- YOUR TASK
Take every line containing "blast" from the material and copy it.

━━━ THE RECORDS ━━━

(* Let $f\in\mathbb C[x_1,\dots,x_n]$ be nonzero, $\ell\in\mathbb N$, let $\tau$ be a face of $\Gamma(f)$ and let $\omega$ lie in the relative interior of $C_\tau$, $\omega\neq0$. For $1\le i\le n$ put $\lambda_i=\max\{\gamma_i:\gamma\in\tau\cap\mathrm{Supp}(f)\}$. Then $$\partial_i^{\ell\lambda_i+1}\in\mathrm{in}_{(-\omega,\omega)}\big(\mathrm{Ann}(f^\ell)\big)\quad(1\le i\le n),$$ and for every $v\in V_\tau$ and every $\gamma_\tau\in\tau$, $$\sum_{j=1}^n v_jx_j\partial_j-\ell\langle v,\gamma_\tau\rangle\in\mathrm{in}_{(-\omega,\omega)}\big(\mathrm{Ann}(f^\ell)\big).$$
   Context: $D_n$ is the $n$-th Weyl algebra ($\partial_ix_j=x_j\partial_i+\delta_{ij}$); ideals are left ideals. For $\omega\in\mathbb R^n$, the $(-\omega,\omega)$-weight of $x^\alpha\partial^\beta$ is $-\langle\omega,\alpha\rangle+\langle\omega,\beta\rangle$; $\mathrm{in}_{(-\omega,\omega)}(P)$ is the sum of the terms of maximal weight of the normally ordered expression of $P$, and $\mathrm{in}_{(-\omega,\omega)}(I)$ is the left ideal generated by the $\mathrm{in}_{(-\omega,\omega)}(P)$, $P\in I\setminus\{0\}$. $\mathrm{Ann}(f^\ell)=\{P\in D_n:P\bullet f^\ell=0\}$ with $x_i\bullet g=x_ig$, $\partial_i\bullet g=\partial g/\partial x_i$. For $f=\sum_\gamma c_\gamma x^\gamma$: $\mathrm{Supp}(f)=\{\gamma:c_\gamma\ne0\}$, $\Gamma(f)$ its convex hull, $\mathrm{ord}_f(\omega)=\min\{\langle\gamma,\omega\rangle:\gamma\in\Gamma(f)\}$; faces are $\tau_\omega=\{u\in\Gamma(f):\langle u,\omega\rangle=\mathrm{ord}_f(\omega)\}$; for a face $\tau$, $C_\tau=\{\omega:\langle u,\omega\rangle=\mathrm{ord}_f(\omega)\ \forall u\in\tau\}$ and $V_\tau=\{v\in\mathbb R^n:\langle v,\gamma\rangle=\langle v,\gamma'\rangle\ \forall\gamma,\gamma'\in\tau\cap\mathrm{Supp}(f)\}$. $\mathbb N=\{0,1,2,\dots\}$. *)

theory Defs
  imports "HOL-Analysis.Analysis" "HOL-Library.Poly_Mapping"
begin
(* Let $p\ge q\ge1$. Let $Q_1:\mathbb{R}^{d_0}\to\mathbb{R}^{d_1}$ and $Q_2:\mathbb{R}^{d_0}\to\mathbb{R}^{d_2}$ be measurable. Fix a measurable partition $U_1,\dots,U_l$ of $[0,1]^{d_0}$ and a measurable set $B\subset\mathbb{R}^{d_0+d_1}$. For measurable $U\subset\mathbb{R}^{d_0}$ define $E^{(1)}_Ug(x_0,x_1)=\int_U g(u)e(x_0\cdot u+x_1\cdot Q_1(u))\,du$ and $E^{(2)}_Uh(x_0,x_1,x_2)=\int_U h(u)e(x_0\cdot u+x_1\cdot Q_1(u)+x_2\cdot Q_2(u))\,du$, where $x_i\in\mathbb{R}^{d_i}$ and $e(z)=e^{2\pi iz}$. Suppose $C$ is a number such that $\|E^{(1)}_{[0,1]^{d_0}}g\|_{L^p(B)}\le C\big(\sum_i\|E^{(1)}_{U_i}g\|_{L^p(B)}^q\big)^{1/q}$ for all measurable $g$. Then for every measurable $B'\subset\mathbb{R}^{d_2}$ and every measurable $h$, $\|E^{(2)}_{[0,1]^{d_0}}h\|_{L^p(B\times B')}\le C\big(\sum_i\|E^{(2)}_{U_i}h\|_{L^p(B\times B')}^q\big)^{1/q}$. *)

theory Defs
  imports "HOL-Analysis.Analysis"
begin

definition enn_powr :: "ennreal \<Rightarrow> real \<Rightarrow> ennreal" where
  "enn_powr x a = (if x = \<infinity> then \<infinity> else ennreal (enn2real x powr a))"

definition Lp_on :: "real \<Rightarrow> 'x::euclidean_space set \<Rightarrow> ('x \<Rightarrow> complex) \<Rightarrow> ennreal" where
  "Lp_on p S F = enn_powr (\<integral>\<^sup>+ x \<in> S. ennreal (norm (F x) powr p) \<partial>lebesgue) (1 / p)"

definition e :: "real \<Rightarrow> complex" where
  "e z = exp (2 * complex_of_real pi * \<i> * complex_of_real z)"

definition E1 :: "('a::euclidean_space \<Rightarrow> 'b::euclidean_space) \<Rightarrow> 'a set \<Rightarrow> ('a \<Rightarrow> complex)
    \<Rightarrow> 'a \<times> 'b \<Rightarrow> complex" where
  "E1 Q1 U g = (\<lambda>(x0, x1). LINT u:U|lebesgue. g u * e (x0 \<bullet> u + x1 \<bullet> Q1 u))"

definition E2 :: "('a::euclidean_space \<Rightarrow> 'b::euclidean_space) \<Rightarrow> ('a \<Rightarrow> 'c::euclidean_space)
    \<Rightarrow> 'a set \<Rightarrow> ('a \<Rightarrow> complex) \<Rightarrow> ('a \<times> 'b) \<times> 'c \<Rightarrow> complex" where
  "E2 Q1 Q2 U h = (\<lambda>((x0, x1), x2). LINT u:U|lebesgue. h u * e (x0 \<bullet> u + x1 \<bullet> Q1 u + x2 \<bullet> Q2 u))"

end

theory Submission
  imports Defs
begin

text \<open>Freezing the last variable \<open>x\<^sub>2 = y\<close> turns \<open>E2 Q1 Q2 U h ((x\<^sub>0, x\<^sub>1), y)\<close> into
  \<open>E1 Q1 U g\<^sub>y (x\<^sub>0, x\<^sub>1)\<close> for the modulated function \<open>g\<^sub>y u = h u * e (y \<bullet> Q2 u)\<close>, so the
  hypothesis applies to every slice. Raising it to the power \<open>p\<close> and integrating over \<open>y \<in> B'\<close>
  (Tonelli), the right-hand side becomes the \<open>L\<^sup>r(B')\<close> norm, \<open>r = p / q \<ge> 1\<close>, of the finite sum
  of the functions \<open>y \<mapsto> (Lp_on p B (E1 Q1 (U i) g\<^sub>y))\<^sup>q\<close>, and Minkowski's inequality in \<open>L\<^sup>r\<close>
  moves the norm inside the sum.\<close>

lemma convex_on_powr_nonneg:
  assumes "(r::real) \<ge> 1" shows "convex_on {0..} (\<lambda>x::real. x powr r)"
proof (rule convex_onI)
  fix t x y :: real assume t: "0 < t" "t < 1" and x: "x \<in> {0..}" and y: "y \<in> {0..}"
  have powr_le_self: "s powr r \<le> s" if "0 \<le> s" "s \<le> 1" for s :: real
    using powr_mono'[of 1 r s] that assms by (cases "s = 0") auto
  consider "x > 0" "y > 0" | "x = 0" | "y = 0" using x y by fastforce
  then show "((1 - t) *\<^sub>R x + t *\<^sub>R y) powr r \<le> (1 - t) * x powr r + t * y powr r"
  proof cases
    case 1
    then show ?thesis using convex_onD[OF powr_convex[OF assms], of t x y] t by auto
  next
    case 2
    then show ?thesis
      using mult_right_mono[OF powr_le_self[of t], of "y powr r"] t y by (simp add: powr_mult)
  next
    case 3
    then show ?thesis
      using mult_right_mono[OF powr_le_self[of "1 - t"], of "x powr r"] t x by (simp add: powr_mult)
  qed
qed auto

text \<open>Jensen's inequality for \<open>t \<mapsto> t powr r\<close> with weights \<open>c i / (\<Sum>i\<in>P. c i)\<close> at the points
  \<open>x i / c i\<close>; taking \<open>c i\<close> to be the \<open>L\<^sup>r\<close> norms of summands gives Minkowski's inequality.\<close>

lemma powr_sum_le_weighted:
  fixes c x :: "'i \<Rightarrow> real"
  assumes P: "finite P" and c: "\<And>i. i \<in> P \<Longrightarrow> c i > 0" and x: "\<And>i. i \<in> P \<Longrightarrow> x i \<ge> 0"
    and r: "r \<ge> 1"
  shows "(\<Sum>i\<in>P. x i) powr r \<le> (\<Sum>i\<in>P. c i) powr (r - 1) * (\<Sum>i\<in>P. c i powr (1 - r) * x i powr r)"
proof (cases "P = {}")
  case False
  define S where "S = (\<Sum>i\<in>P. c i)"
  have S: "S > 0" unfolding S_def using False P c by (intro sum_pos) auto
  have "(c i / S) *\<^sub>R (x i / c i) = x i / S" if "i \<in> P" for i
    using c[OF that] by simp
  then have "((\<Sum>i\<in>P. x i) / S) powr r = (\<Sum>i\<in>P. (c i / S) *\<^sub>R (x i / c i)) powr r"
    by (simp add: sum_divide_distrib)
  also have "\<dots> \<le> (\<Sum>i\<in>P. (c i / S) * (x i / c i) powr r)"
    using P False S c x
    by (intro convex_on_sum[OF _ _ convex_on_powr_nonneg[OF r]])
       (auto simp: S_def sum_divide_distrib[symmetric] less_imp_le)
  also have "\<dots> = (\<Sum>i\<in>P. c i powr (1 - r) * x i powr r) / S"
    unfolding sum_divide_distrib
  proof (intro sum.cong refl)
    fix i assume i: "i \<in> P"
    have "c i powr (1 - r) = c i * c i powr (- r)"
      using c[OF i] powr_add[of "c i" 1 "- r"] by simp
    then show "c i / S * (x i / c i) powr r = c i powr (1 - r) * x i powr r / S"
      using c[OF i] x[OF i] by (simp add: powr_divide powr_minus divide_simps)
  qed
  finally have "((\<Sum>i\<in>P. x i) / S) powr r \<le> (\<Sum>i\<in>P. c i powr (1 - r) * x i powr r) / S" .
  then have "S powr r * ((\<Sum>i\<in>P. x i) / S) powr r
      \<le> S powr r * ((\<Sum>i\<in>P. c i powr (1 - r) * x i powr r) / S)"
    by (intro mult_left_mono) auto
  then show ?thesis
    using S x by (simp add: powr_divide powr_diff sum_nonneg S_def)
qed simp

lemma enn_powr_ennreal: "0 \<le> x \<Longrightarrow> enn_powr (ennreal x) a = ennreal (x powr a)"
  by (simp add: enn_powr_def)

lemma enn_powr_top [simp]: "enn_powr top a = top"
  by (simp add: enn_powr_def)

lemma enn_powr_zero [simp]: "enn_powr 0 a = 0"
  by (simp add: enn_powr_def)

lemma enn_powr_one [simp]: "enn_powr x 1 = x"
  by (cases x rule: ennreal_cases) (auto simp: enn_powr_def)

lemma enn_powr_powr: "enn_powr (enn_powr x a) b = enn_powr x (a * b)"
  by (cases x rule: ennreal_cases) (auto simp: enn_powr_def powr_powr)

lemma enn_powr_mult: "enn_powr (x * y) a = enn_powr x a * enn_powr y a"
  by (cases x rule: ennreal_cases; cases y rule: ennreal_cases)
     (auto simp: enn_powr_def powr_mult ennreal_mult_top ennreal_top_mult
        ennreal_mult_eq_top_iff simp flip: ennreal_mult)
lemma onto_conjugate_invertible:
  assumes agree: "\<And>u. u \<in> SS \<Longrightarrow> \<rho> u = \<sigma> u"
    and \<sigma>: "\<And>u. u \<in> SS \<Longrightarrow> word_over SS (\<sigma> u)" and \<sigma>': "\<And>u. u \<in> SS \<Longrightarrow> word_over SS (\<sigma>' u)"
    and inverse: "\<And>u. u \<in> SS \<Longrightarrow> word_hom \<sigma> (\<sigma>' u) \<approx> [(u, True)]"
  shows "onto_conjugate (word_hom \<rho>) []"
  unfolding onto_conjugate_def
proof (intro conjI allI impI)
  fix w assume w: "word_over SS w"
  have "word_hom \<rho> w = word_hom \<sigma> w" using word_hom_cong[OF agree w] .
  then show "\<exists>w'. word_over SS w' \<and> word_hom \<rho> w \<approx> [] @ w' @ inv_word []"
    using word_over_word_hom[of SS SS \<sigma>, OF \<sigma> w] by auto
next
  fix w' assume w': "word_over SS w'"
  have "word_hom (\<lambda>u. word_hom \<sigma> (\<sigma>' u)) w' \<approx> word_hom id_subst w'"
    using word_hom_raag_eq_letterwise[OF _ w', of "\<lambda>u. word_hom \<sigma> (\<sigma>' u)" id_subst] inverse
    by (simp add: id_subst_def)
  moreover have "word_hom \<rho> (word_hom \<sigma>' w') = word_hom \<sigma> (word_hom \<sigma>' w')"
    using word_hom_cong[OF agree word_over_word_hom[of SS SS \<sigma>', OF \<sigma>' w']] .
  ultimately show "\<exists>w. word_over SS w \<and> word_hom \<rho> w \<approx> [] @ w' @ inv_word []"
    using word_over_word_hom[of SS SS \<sigma>', OF \<sigma>' w'] by (auto simp: word_hom_comp)
qed

lemma onto_conjugate_raag_eq:
  assumes "onto_conjugate f c" and "\<And>w. word_over SS w \<Longrightarrow> h w \<approx> f w"
  shows "onto_conjugate h c"
  using assms raag_eq_trans unfolding onto_conjugate_def by meson

lemma onto_conjugate_comp:
  assumes f: "onto_conjugate f c" and g: "onto_conjugate (word_hom \<rho>) c'"
    and \<rho>: "preserves_raag_eq (word_hom \<rho>)"
  shows "onto_conjugate (\<lambda>w. word_hom \<rho> (f w)) (word_hom \<rho> c @ c')"
proof -
  let ?g = "word_hom \<rho>" and ?c = "word_hom \<rho> c @ c'"
  have comp: "?g (f w) \<approx> ?c @ w'' @ inv_word ?c"
    if "f w \<approx> c @ w' @ inv_word c" and "?g w' \<approx> c' @ w'' @ inv_word c'" for w w' w''
  proof -
    have "?g (f w) \<approx> ?g c @ ?g w' @ inv_word (?g c)"
      using \<rho> that(1) unfolding preserves_raag_eq_def by fastforce
    also have "?g c @ ?g w' @ inv_word (?g c) \<approx> ?g c @ (c' @ w'' @ inv_word c') @ inv_word (?g c)"
      using raag_eq_context[OF that(2)] .
    finally show ?thesis by simp
  qed
  show ?thesis
    unfolding onto_conjugate_def
  proof (intro conjI allI impI)
    fix w assume "word_over SS w"
    then obtain w' w'' where "word_over SS w''" "f w \<approx> c @ w' @ inv_word c" "?g w' \<approx> c' @ w'' @ inv_word c'"
      using f g unfolding onto_conjugate_def by meson
    then show "\<exists>w''. word_over SS w'' \<and> ?g (f w) \<approx> ?c @ w'' @ inv_word ?c" using comp by blast
  next
    fix w'' assume "word_over SS w''"
    then obtain w w' where "word_over SS w" "f w \<approx> c @ w' @ inv_word c" "?g w' \<approx> c' @ w'' @ inv_word c'"
      using f g unfolding onto_conjugate_def by meson
    then show "\<exists>w. word_over SS w \<and> ?g (f w) \<approx> ?c @ w'' @ inv_word ?c" using comp by blast
  qed
qed
(* Let $C>0$, take $n\sim CM\log M$ (as $M\to\infty$), and draw the entries of an $M\times n$ matrix $\Phi=\{\varphi_i\}_{i=1}^n$ independently from $\mathbb{C}\mathcal{N}(0,\frac1M)$. Then for each proportion $\alpha<1-\frac{1}{2C}$ there exists a constant $C'>0$ such that \[ \mathrm{PU}(\Phi;\alpha)\geq\frac{C'}{M} \] with overwhelming probability.
   Context: $\mathbb{C}\mathcal{N}(0,\sigma^2)$ is the complex Gaussian with independent $\mathcal{N}(0,\sigma^2/2)$ real and imaginary parts. "With overwhelming probability" means with probability at least $1-c_0\mathrm{e}^{-c_1M}$ for constants $c_0,c_1>0$ independent of $M$. The $\alpha$-projective uniformity of $\Phi=\{\varphi_i\}_{i=1}^n\subseteq\mathbb{C}^M$ is \[ \mathrm{PU}(\Phi;\alpha)=\min_{x\in\mathbb{C}^M,\ \|x\|=1}\ \max_{\mathcal{I}\subseteq\{1,\dots,n\},\ |\mathcal{I}|\geq\alpha n}\ \min_{i\in\mathcal{I}}|\langle x,\varphi_i\rangle|^2 . \] *)

theory Defs
  imports "HOL-Probability.Probability" "HOL-Library.Landau_Symbols"
begin

text \<open>Complex Gaussian CN(0, s2): real and imaginary parts independent N(0, s2/2).
  normal_density mu sigma uses the standard deviation sigma.\<close>
definition cgauss :: "real \<Rightarrow> complex measure" where
  "cgauss s2 =
     distr (density lborel (normal_density 0 (sqrt (s2 / 2)))
              \<Otimes>\<^sub>M density lborel (normal_density 0 (sqrt (s2 / 2))))
           borel (\<lambda>(a, b). Complex a b)"

text \<open>A matrix is a function Phi on index pairs (j, i), j < M the coordinate (row),
  i < n the column; the column vector phi_i is (\<lambda>j. Phi (j, i)).\<close>
definition gauss_matrix :: "nat \<Rightarrow> nat \<Rightarrow> (nat \<times> nat \<Rightarrow> complex) measure" where
  "gauss_matrix M n = PiM ({..<M} \<times> {..<n}) (\<lambda>_. cgauss (1 / real M))"

definition cinner :: "nat \<Rightarrow> (nat \<Rightarrow> complex) \<Rightarrow> (nat \<Rightarrow> complex) \<Rightarrow> complex" where
  "cinner M x y = (\<Sum>j<M. x j * cnj (y j))"

definition unit_vecs :: "nat \<Rightarrow> (nat \<Rightarrow> complex) set" where
  "unit_vecs M = {x. (\<Sum>j<M. (cmod (x j))\<^sup>2) = 1}"

definition PU :: "nat \<Rightarrow> nat \<Rightarrow> (nat \<times> nat \<Rightarrow> complex) \<Rightarrow> real \<Rightarrow> real" where
  "PU M n Phi \<alpha> =
     Inf ((\<lambda>x. Sup ((\<lambda>I. Min ((\<lambda>i. (cmod (cinner M x (\<lambda>j. Phi (j, i))))\<^sup>2) ` I))
                     ` {I. I \<subseteq> {..<n} \<and> real (card I) \<ge> \<alpha> * real n}))
          ` unit_vecs M)"

end

theory Submission
  imports Defs "HOL-Real_Asymp.Real_Asymp"
begin

(* Let c = C'/M.  If PU < c, some unit x has |<x, phi_i>|^2 < c for more than (1 - alpha) n
   columns.  Unless some entry has a real or imaginary part exceeding 1 (probability
   O(M n exp (-M/2))), the point y nearest to x on a coordinate grid of mesh sqrt c / (2M)
   then has |Re <y, phi_i>| < 2 sqrt c for the same columns.  For fixed y the Re <y, phi_i>
   are independent N(0, |y|^2 / (2M)), so this has probability at most 2^n (4 sqrt C')^((1-alpha) n).
   The grid has exp (O (M log M)) points and n ~ C M log M, so for small C' the union bound
   over the grid is exp (-Omega (M log M)), and the total failure probability is exp (-Omega M). *)

section \<open>Gaussian tail bounds and counting\<close>

lemma normal_density_le_inverse:
  assumes "0 < s"
  shows "normal_density 0 s x \<le> 1 / (2 * s)"
proof -
  have "2 * s \<le> sqrt (2 * pi * s\<^sup>2)"
    using pi_gt3 assms by (intro real_le_rsqrt) (simp add: power2_eq_square)
  moreover have "normal_density 0 s x \<le> 1 / sqrt (2 * pi * s\<^sup>2)"
    unfolding normal_density_def by (intro mult_left_le) auto
  ultimately show ?thesis
    using assms by (smt (verit, best) frac_le)
qed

━━━

- EXERCISE ANSWER
    then show "\<exists>w''. word_over SS w'' \<and> ?g (f w) \<approx> ?c @ w'' @ inv_word ?c" using comp by blast
    then show "\<exists>w. word_over SS w \<and> ?g (f w) \<approx> ?c @ w'' @ inv_word ?c" using comp by blast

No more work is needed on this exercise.